### HOW TO COMPLETE THIS TASK
Write out every line below that contains "auto".

### RECORDS SUPPLIED ###

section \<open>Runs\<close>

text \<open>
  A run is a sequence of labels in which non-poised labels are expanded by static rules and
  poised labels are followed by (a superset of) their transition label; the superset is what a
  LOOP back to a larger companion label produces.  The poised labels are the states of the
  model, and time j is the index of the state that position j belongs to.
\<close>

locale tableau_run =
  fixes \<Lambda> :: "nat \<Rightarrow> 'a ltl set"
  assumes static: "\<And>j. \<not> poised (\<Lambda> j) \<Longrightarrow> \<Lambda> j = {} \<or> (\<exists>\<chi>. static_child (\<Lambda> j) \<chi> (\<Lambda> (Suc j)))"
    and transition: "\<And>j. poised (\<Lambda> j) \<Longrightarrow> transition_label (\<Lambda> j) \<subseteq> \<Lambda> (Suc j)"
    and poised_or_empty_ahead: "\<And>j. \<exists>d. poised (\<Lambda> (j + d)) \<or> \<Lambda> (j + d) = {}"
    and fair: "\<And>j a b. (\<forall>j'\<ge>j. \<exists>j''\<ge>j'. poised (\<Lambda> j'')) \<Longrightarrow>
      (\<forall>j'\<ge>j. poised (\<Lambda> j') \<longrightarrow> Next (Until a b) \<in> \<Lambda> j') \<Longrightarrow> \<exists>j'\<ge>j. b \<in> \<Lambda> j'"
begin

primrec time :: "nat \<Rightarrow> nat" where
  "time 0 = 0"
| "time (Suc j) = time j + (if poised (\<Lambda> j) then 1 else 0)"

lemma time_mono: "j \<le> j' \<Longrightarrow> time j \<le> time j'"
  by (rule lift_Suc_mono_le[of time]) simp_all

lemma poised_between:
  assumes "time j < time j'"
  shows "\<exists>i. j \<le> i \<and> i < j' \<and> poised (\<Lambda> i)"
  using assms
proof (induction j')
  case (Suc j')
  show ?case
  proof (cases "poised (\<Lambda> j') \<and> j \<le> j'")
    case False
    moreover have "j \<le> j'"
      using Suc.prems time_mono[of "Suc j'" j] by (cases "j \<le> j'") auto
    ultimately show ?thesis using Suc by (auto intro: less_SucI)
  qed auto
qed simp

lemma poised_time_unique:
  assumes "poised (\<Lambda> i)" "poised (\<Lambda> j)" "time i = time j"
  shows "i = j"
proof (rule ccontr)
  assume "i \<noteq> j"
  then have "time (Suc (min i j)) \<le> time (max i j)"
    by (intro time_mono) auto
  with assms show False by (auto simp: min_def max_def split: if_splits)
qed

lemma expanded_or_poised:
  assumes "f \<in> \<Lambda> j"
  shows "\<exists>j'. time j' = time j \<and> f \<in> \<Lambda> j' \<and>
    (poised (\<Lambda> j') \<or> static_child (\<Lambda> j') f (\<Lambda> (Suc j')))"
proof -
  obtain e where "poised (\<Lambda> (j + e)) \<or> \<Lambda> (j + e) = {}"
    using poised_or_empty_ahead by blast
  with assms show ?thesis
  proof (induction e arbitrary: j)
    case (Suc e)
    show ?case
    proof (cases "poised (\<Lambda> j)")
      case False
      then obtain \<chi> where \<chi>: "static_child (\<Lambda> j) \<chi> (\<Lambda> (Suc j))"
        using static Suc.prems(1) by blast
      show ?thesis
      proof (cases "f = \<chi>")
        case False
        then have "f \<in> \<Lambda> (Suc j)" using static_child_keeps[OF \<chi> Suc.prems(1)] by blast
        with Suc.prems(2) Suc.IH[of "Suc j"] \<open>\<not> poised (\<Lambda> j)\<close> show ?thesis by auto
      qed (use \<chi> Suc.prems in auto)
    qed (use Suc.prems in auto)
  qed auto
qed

###

### EXERCISE OUTPUT
      using Suc.prems time_mono[of "Suc j'" j] by (cases "j \<le> j'") auto
    ultimately show ?thesis using Suc by (auto intro: less_SucI)
  qed auto
    by (intro time_mono) auto
  with assms show False by (auto simp: min_def max_def split: if_splits)
        with Suc.prems(2) Suc.IH[of "Suc j"] \<open>\<not> poised (\<Lambda> j)\<close> show ?thesis by auto
      qed (use \<chi> Suc.prems in auto)
    qed (use Suc.prems in auto)
  qed auto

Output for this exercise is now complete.